In [1]:
# pip install librosa

In [2]:
# pip install soundfile

In [3]:
# pip install accelerate -U

In [4]:
# pip install wandb

In [5]:
from datasets import load_dataset, Audio

In [6]:
data = load_dataset("train/train/audio", name="en-US", split="train")

Resolving data files:   0%|          | 0/64727 [00:00<?, ?it/s]
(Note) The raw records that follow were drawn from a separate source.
(* Let $\mathfrak B$ be a Boolean algebra. Then $\mathfrak B$ carries a strictly positive nonatomic finitely additive probability measure if and only if there is a decomposition $\mathfrak B\setminus\{0\}=\bigcup_{n<\omega}\mathfrak B_n$ such that for each $n<\omega$: (i) $\mathfrak B_n\subseteq\mathfrak B_{n+1}$; (ii) $\mathrm{int}(\mathfrak B_n)\ge 2^{-n}$; (iii) for every $a\in\mathfrak B_n$ there are disjoint $b,c\in\mathfrak B_{n+1}$ with $b\vee c\le a$.
   Context: A (finitely additive) measure on a Boolean algebra $\mathfrak B$ is a function $\mu:\mathfrak B\to[0,\infty)$ with $\mu(a\vee b)=\mu(a)+\mu(b)$ whenever $a\wedge b=0$; it is a probability if $\mu(1)=1$, and strictly positive if $\mu(a)>0$ for all $a\ne 0$. A measure $\mu$ is nonatomic if for every $\varepsilon>0$ there is a finite partition of $1_{\mathfrak B}$ into pairwise disjoint elements each of measure $<\varepsilon$. Elements $b,c$ are disjoint if $b\wedge c=0$. For a family $\mathcal F\subseteq\mathfrak B\setminus\{0\}$, the intersection number $\mathrm{int}(\mathcal F)$ is the supremum of all $\alpha\ge0$ such that for every finite sequence $a_1,\dots,a_m$ of elements of $\mathcal F$ (repetitions allowed) there is a set $I\subseteq\{1,\dots,m\}$ with $|I|\ge\alpha m$ and $\bigwedge_{i\in I}a_i\ne 0$. *)

theory Defs
  imports Complex_Main "HOL-Library.Extended_Real"
begin

definition fa_measure :: "('a::boolean_algebra \<Rightarrow> real) \<Rightarrow> bool" where
  "fa_measure \<mu> \<longleftrightarrow> (\<forall>a. \<mu> a \<ge> 0) \<and>
     (\<forall>a b. inf a b = bot \<longrightarrow> \<mu> (sup a b) = \<mu> a + \<mu> b)"

definition fa_probability :: "('a::boolean_algebra \<Rightarrow> real) \<Rightarrow> bool" where
  "fa_probability \<mu> \<longleftrightarrow> fa_measure \<mu> \<and> \<mu> top = 1"

definition strictly_positive :: "('a::boolean_algebra \<Rightarrow> real) \<Rightarrow> bool" where
  "strictly_positive \<mu> \<longleftrightarrow> (\<forall>a. a \<noteq> bot \<longrightarrow> \<mu> a > 0)"

definition finite_partition_of_unit :: "'a::boolean_algebra list \<Rightarrow> bool" where
  "finite_partition_of_unit ps \<longleftrightarrow>
     foldr sup ps bot = top \<and>
     (\<forall>i<length ps. \<forall>j<length ps. i \<noteq> j \<longrightarrow> inf (ps ! i) (ps ! j) = bot)"

definition nonatomic :: "('a::boolean_algebra \<Rightarrow> real) \<Rightarrow> bool" where
  "nonatomic \<mu> \<longleftrightarrow> (\<forall>\<epsilon>>0. \<exists>ps. finite_partition_of_unit ps \<and> (\<forall>p\<in>set ps. \<mu> p < \<epsilon>))"

definition meet_idx :: "'a::boolean_algebra list \<Rightarrow> nat set \<Rightarrow> 'a" where
  "meet_idx xs I = foldr inf (map (nth xs) (sorted_list_of_set I)) top"

definition int_good :: "real \<Rightarrow> 'a::boolean_algebra set \<Rightarrow> bool" where
  "int_good \<alpha> F \<longleftrightarrow> (\<forall>xs. set xs \<subseteq> F \<longrightarrow>
     (\<exists>I\<subseteq>{..<length xs}. real (card I) \<ge> \<alpha> * real (length xs) \<and> meet_idx xs I \<noteq> bot))"

text \<open>Intersection number, as a supremum in the extended reals (int of the empty family is infinite).\<close>
definition int_num :: "'a::boolean_algebra set \<Rightarrow> ereal" where
  "int_num F = Sup {ereal \<alpha> | \<alpha>. \<alpha> \<ge> 0 \<and> int_good \<alpha> F}"

end

(*
  Forward direction: for a strictly positive nonatomic probability mu the sets
  B_n = {a. mu a > 2^-n} exhaust the nonzero elements.  A counting argument over the
  atoms generated by finitely many elements (Kelley) shows that elements of measure
  >= alpha have intersection number >= alpha, and nonatomicity cuts every a in B_n into
  two disjoint pieces of measure > 2^-(n+1).

  Backward direction: Kelley's criterion, proved here for finite families by an elementary
  minimax argument over mixtures of two-valued (ultrafilter) measures, gives at level k a
  probability of size about 2^-k on finitely many elements of B_k.  Applied to the 2^(k-n)
  disjoint refinements in B_k of elements of B_n, and combined with compactness of the
  bounded finitely additive measures in the product topology, this yields measures with
  nu a >= 2^-n on every B_n.  One of least total mass is strictly positive because the B_n
  cover the nonzero elements, and it is nonatomic: otherwise some ultrafilter carries mass
  eps > 0, and removing that mass keeps all the bounds, since at most one of the 2^k
  disjoint refinements in B_(n+k) of a lies in the ultrafilter.
*)

theory Submission
  imports Defs "HOL-Analysis.Analysis"
begin

section \<open>Finitely additive measures\<close>

lemma fa_measure_nonneg: "fa_measure \<mu> \<Longrightarrow> 0 \<le> \<mu> a"
  unfolding fa_measure_def by auto

lemma fa_measure_add: "fa_measure \<mu> \<Longrightarrow> inf a b = bot \<Longrightarrow> \<mu> (sup a b) = \<mu> a + \<mu> b"
  unfolding fa_measure_def by auto

lemma fa_measure_bot: "fa_measure \<mu> \<Longrightarrow> \<mu> bot = 0"
  using fa_measure_add[of \<mu> bot bot] by simp

lemma fa_measure_split: "fa_measure \<mu> \<Longrightarrow> \<mu> a = \<mu> (inf a b) + \<mu> (inf a (- b))"
  using fa_measure_add[of \<mu> "inf a b" "inf a (- b)"]
  by (simp add: inf_sup_distrib1[symmetric] inf_aci)

lemma fa_measure_mono: "fa_measure \<mu> \<Longrightarrow> a \<le> b \<Longrightarrow> \<mu> a \<le> \<mu> b"
  using fa_measure_split[of \<mu> b a] fa_measure_nonneg[of \<mu> "inf b (- a)"]
  by (simp add: inf.absorb2)

lemma fa_measure_le_top: "fa_measure \<mu> \<Longrightarrow> \<mu> a \<le> \<mu> top"
  by (simp add: fa_measure_mono)

abbreviation disjoint_list :: "'a::boolean_algebra list \<Rightarrow> bool" where
  "disjoint_list \<equiv> sorted_wrt (\<lambda>x y. inf x y = bot)"

lemma disjoint_list_iff_nth:
  "disjoint_list xs \<longleftrightarrow> (\<forall>i<length xs. \<forall>j<length xs. i \<noteq> j \<longrightarrow> inf (xs ! i) (xs ! j) = bot)"
  by (auto simp: sorted_wrt_iff_nth_less) (metis inf_commute nat_neq_iff)

lemma inf_foldr_sup_eq_bot:
  "(\<forall>q\<in>set ps. inf p q = bot) \<Longrightarrow> inf p (foldr sup ps bot) = (bot::'a::boolean_algebra)"
  by (induction ps) (auto simp: inf_sup_distrib1)

lemma foldr_sup_le: "(\<forall>p\<in>set ps. p \<le> a) \<Longrightarrow> foldr sup ps (bot::'a::boolean_algebra) \<le> a"
  by (induction ps) auto

lemma fa_measure_foldr_sup:
  "fa_measure \<mu> \<Longrightarrow> disjoint_list ps \<Longrightarrow> \<mu> (foldr sup ps bot) = sum_list (map \<mu> ps)"
  by (induction ps) (simp_all add: fa_measure_bot fa_measure_add inf_foldr_sup_eq_bot)

lemma sum_list_le_fa_measure:
  "fa_measure \<mu> \<Longrightarrow> disjoint_list ps \<Longrightarrow> (\<forall>p\<in>set ps. p \<le> a) \<Longrightarrow> sum_list (map \<mu> ps) \<le> \<mu> a"
  by (metis fa_measure_foldr_sup fa_measure_mono foldr_sup_le)

fun disjointed_list :: "'a::boolean_algebra list \<Rightarrow> 'a list" where
  "disjointed_list [] = []"
| "disjointed_list (x # xs) = x # map (\<lambda>y. inf y (- x)) (disjointed_list xs)"

lemma foldr_sup_disjointed_list:
  "foldr sup (disjointed_list xs) (bot::'a::boolean_algebra) = foldr sup xs bot"
proof (induction xs)
  case (Cons x xs)
  have "foldr sup (map (\<lambda>y. inf y (- x)) ys) bot = inf (foldr sup ys bot) (- x)" for ys :: "'a list"
    by (induction ys) (auto simp: inf_sup_distrib2)
  then show ?case using Cons by (simp add: sup_inf_distrib1)
qed simp

lemma disjoint_list_disjointed_list: "disjoint_list (disjointed_list xs)"
proof (induction xs)
  case (Cons x xs)
  have "disjoint_list (map (\<lambda>y. inf y (- x)) (disjointed_list xs))"
    unfolding sorted_wrt_map using Cons
    by (rule sorted_wrt_mono_rel[rotated]) (metis inf_bot_left inf_left_commute inf_assoc)
  then show ?case by (simp add: inf_left_commute)
qed simp

lemma disjointed_list_le: "p \<in> set (disjointed_list xs) \<Longrightarrow> \<exists>x\<in>set xs. p \<le> x"
  by (induction xs arbitrary: p) (auto intro: le_infI1)

lemma meet_idx_greatest: "finite I \<Longrightarrow> (\<forall>i\<in>I. t \<le> xs ! i) \<Longrightarrow> t \<le> meet_idx xs I"
proof -
  have "(\<forall>y\<in>set L. t \<le> y) \<Longrightarrow> t \<le> foldr inf L top" for L :: "'a list" by (induction L) auto
  then show "finite I \<Longrightarrow> (\<forall>i\<in>I. t \<le> xs ! i) \<Longrightarrow> t \<le> meet_idx xs I"
    unfolding meet_idx_def by simp
qed

lemma meet_idx_lower: "finite I \<Longrightarrow> i \<in> I \<Longrightarrow> meet_idx xs I \<le> xs ! i"
proof -
  have "y \<in> set L \<Longrightarrow> foldr inf L top \<le> y" for y and L :: "'a list"
    by (induction L) (auto intro: le_infI2)
  then show "finite I \<Longrightarrow> i \<in> I \<Longrightarrow> meet_idx xs I \<le> xs ! i"
    unfolding meet_idx_def by simp
qed

lemma int_good_subset: "int_good \<alpha> F \<Longrightarrow> G \<subseteq> F \<Longrightarrow> int_good \<alpha> G"
  unfolding int_good_def by blast

lemma int_num_ge: "0 \<le> \<alpha> \<Longrightarrow> int_good \<alpha> F \<Longrightarrow> ereal \<alpha> \<le> int_num F"
  unfolding int_num_def by (rule Sup_upper) auto

lemma int_good_below_int_num:
  assumes "ereal c \<le> int_num F" "\<delta> < c"
  obtains \<alpha> where "\<delta> < \<alpha>" "int_good \<alpha> F"
proof -
  have "ereal \<delta> < int_num F" using assms(1) by (rule less_le_trans[rotated]) (simp add: assms(2))
  then show ?thesis using that unfolding int_num_def by (auto simp: less_Sup_iff)
qed

section \<open>Nonatomic probabilities yield splitting levels\<close>

lemma sum_list_fa_measure_inf_Cons:
  assumes \<mu>: "fa_measure \<mu>"
  shows "(\<Sum>x\<leftarrow>a # xs. \<mu> (inf x e)) =
    \<mu> (inf e a) + (\<Sum>x\<leftarrow>xs. \<mu> (inf x (inf e a))) + (\<Sum>x\<leftarrow>xs. \<mu> (inf x (inf e (- a))))"
proof -
  have split: "\<mu> (inf x e) = \<mu> (inf x (inf e a)) + \<mu> (inf x (inf e (- a)))" for x
    using fa_measure_split[OF \<mu>, of "inf x e" a] by (simp add: inf_assoc)
  have "(\<Sum>x\<leftarrow>a # xs. \<mu> (inf x e)) = \<mu> (inf e a) + (\<Sum>x\<leftarrow>xs. \<mu> (inf x e))"
    by (simp add: inf_commute)
  also have "\<dots> = \<mu> (inf e a) + (\<Sum>x\<leftarrow>xs. \<mu> (inf x (inf e a)) + \<mu> (inf x (inf e (- a))))"
    by (simp only: split)
  finally show ?thesis by (simp add: sum_list_addf)
qed

lemma sum_list_fa_measure_le_count:
  fixes \<mu> :: "'a::boolean_algebra \<Rightarrow> real"
  assumes \<mu>: "fa_measure \<mu>"
  shows "\<exists>t\<le>e. (e \<noteq> bot \<longrightarrow> t \<noteq> bot) \<and>
           (\<Sum>x\<leftarrow>xs. \<mu> (inf x e)) \<le> real (length (filter (\<lambda>x. t \<le> x) xs)) * \<mu> e"
proof (induction xs arbitrary: e)
  case Nil
  show ?case by auto
next
  case (Cons a xs)
  define e1 where "e1 = inf e a"
  define e2 where "e2 = inf e (- a)"
  obtain t1 where t1: "t1 \<le> e1" "e1 \<noteq> bot \<longrightarrow> t1 \<noteq> bot"
      "(\<Sum>x\<leftarrow>xs. \<mu> (inf x e1)) \<le> length (filter (\<lambda>x. t1 \<le> x) xs) * \<mu> e1"
    using Cons.IH[of e1] by blast
  obtain t2 where t2: "t2 \<le> e2" "e2 \<noteq> bot \<longrightarrow> t2 \<noteq> bot"
      "(\<Sum>x\<leftarrow>xs. \<mu> (inf x e2)) \<le> length (filter (\<lambda>x. t2 \<le> x) xs) * \<mu> e2"
    using Cons.IH[of e2] by blast
  define c1 where "c1 = length (filter (\<lambda>x. t1 \<le> x) xs)"
  define c2 where "c2 = length (filter (\<lambda>x. t2 \<le> x) xs)"
  have sum: "(\<Sum>x\<leftarrow>a # xs. \<mu> (inf x e)) \<le> Suc c1 * \<mu> e1 + c2 * \<mu> e2"
    using sum_list_fa_measure_inf_Cons[OF \<mu>, where a = a and xs = xs and e = e] t1(3) t2(3)
    by (simp add: c1_def c2_def e1_def e2_def algebra_simps)
  have mass: "\<mu> e = \<mu> e1 + \<mu> e2" unfolding e1_def e2_def by (rule fa_measure_split[OF \<mu>])
  have nonneg: "0 \<le> \<mu> e1" "0 \<le> \<mu> e2" using fa_measure_nonneg[OF \<mu>] by auto
  have "sup e1 e2 = e" unfolding e1_def e2_def by (simp add: inf_sup_distrib1[symmetric])
  then consider (bot) "e = bot" | (keep) "e1 \<noteq> bot" "e2 = bot \<or> c2 \<le> Suc c1"
    | (drop) "e2 \<noteq> bot" "e1 = bot \<or> Suc c1 \<le> c2"
    by fastforce
  then show ?case
  proof cases
    case bot
    then show ?thesis by (intro exI[of _ bot]) (simp add: fa_measure_bot[OF \<mu>])
  next
    case keep
    have "c2 * \<mu> e2 \<le> Suc c1 * \<mu> e2"
      using keep nonneg(2) fa_measure_bot[OF \<mu>] by (auto intro: mult_right_mono)
    moreover have "t1 \<le> a" using t1(1) by (simp add: e1_def)
    ultimately show ?thesis
      using sum mass t1(1,2) keep(1) by (intro exI[of _ t1]) (auto simp: c1_def e1_def algebra_simps)
  next
    case drop
    have "Suc c1 * \<mu> e1 \<le> c2 * \<mu> e1"
      using drop nonneg(1) fa_measure_bot[OF \<mu>] by (auto intro: mult_right_mono)
    moreover have "\<not> t2 \<le> a"
      using t2(1,2) drop(1) unfolding e2_def by (metis inf.absorb1 inf_compl_bot_right le_inf_iff)
    ultimately show ?thesis
      using sum mass t2(1,2) drop(1) by (intro exI[of _ t2]) (auto simp: c2_def e2_def algebra_simps)
  qed
qed

lemma int_good_superlevel:
  assumes \<mu>: "fa_probability \<mu>" and nontriv: "(bot::'a::boolean_algebra) \<noteq> top"
  shows "int_good \<alpha> {a::'a. \<alpha> \<le> \<mu> a}"
  unfolding int_good_def
proof (intro allI impI)
  fix xs :: "'a list" assume xs: "set xs \<subseteq> {a. \<alpha> \<le> \<mu> a}"
  have fa: "fa_measure \<mu>" and top: "\<mu> top = 1" using \<mu> unfolding fa_probability_def by auto
  obtain t :: 'a where t: "t \<noteq> bot" "(\<Sum>x\<leftarrow>xs. \<mu> x) \<le> length (filter (\<lambda>x. t \<le> x) xs)"
    using sum_list_fa_measure_le_count[OF fa, of top xs] nontriv top by auto
  define I where "I = {i. i < length xs \<and> t \<le> xs ! i}"
  have "\<alpha> * real (length xs) \<le> (\<Sum>x\<leftarrow>xs. \<mu> x)"
    using sum_list_mono[of xs "\<lambda>_. \<alpha>" \<mu>] xs by (auto simp: sum_list_triv mult.commute)
  also have "\<dots> \<le> real (card I)" using t(2) by (simp add: I_def length_filter_conv_card)
  finally have "\<alpha> * real (length xs) \<le> real (card I)" .
  moreover have "t \<le> meet_idx xs I" by (rule meet_idx_greatest) (simp_all add: I_def)
  then have "meet_idx xs I \<noteq> bot" using t(1) bot_unique by metis
  ultimately show "\<exists>I\<subseteq>{..<length xs}. \<alpha> * real (length xs) \<le> real (card I) \<and> meet_idx xs I \<noteq> bot"
    by (intro exI[of _ I]) (auto simp: I_def)
qed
Found cached dataset audiofolder (C:/Users/User/.cache/huggingface/datasets/audiofolder/audio-683520afa982ca98/0.0.0/6cbdd16f8688354c63b4e2a36e1585d05de285023ee6443ffd71c4182055c0fc)


In [7]:
data = data.train_test_split(test_size=0.2)

In [8]:
data

DatasetDict({
    train: Dataset({
        features: ['audio', 'label'],
        num_rows: 51781
    })
    test: Dataset({
        features: ['audio', 'label'],
        num_rows: 12946
    })
})

In [9]:
data["train"][0]

{'audio': {'path': 'c:\\Users\\User\\Documents\\Studia\\dlm-2\\train\\train\\audio\\marvin\\e48a80ed_nohash_0.wav',
  'array': array([-0.00036621, -0.00143433, -0.0020752 , ...,  0.00415039,
          0.00299072,  0.00195312]),
  'sampling_rate': 16000},
 'label': 13}

In [10]:
labels = data["train"].features["label"].names
label2id, id2label = dict(), dict()
for i, label in enumerate(labels):
    label2id[label] = str(i)
    id2label[str(i)] = label

In [11]:
id2label[str(2)]

'bird'

In [12]:
from transformers import AutoFeatureExtractor

feature_extractor = AutoFeatureExtractor.from_pretrained("facebook/wav2vec2-base")



In [13]:
data = data.cast_column("audio", Audio(sampling_rate=16_000))
data["train"][0]

{'audio': {'path': 'c:\\Users\\User\\Documents\\Studia\\dlm-2\\train\\train\\audio\\marvin\\e48a80ed_nohash_0.wav',
  'array': array([-0.00036621, -0.00143433, -0.0020752 , ...,  0.00415039,
          0.00299072,  0.00195312]),
  'sampling_rate': 16000},
 'label': 13}

In [14]:
def preprocess_function(examples):
    audio_arrays = [x["array"] for x in examples["audio"]]
    inputs = feature_extractor(
        audio_arrays, sampling_rate=feature_extractor.sampling_rate, max_length=16000, truncation=True
    )
    return inputs

In [15]:
encoded_data = data.map(preprocess_function, remove_columns="audio", batched=True)

Map:   0%|          | 0/51781 [00:00<?, ? examples/s]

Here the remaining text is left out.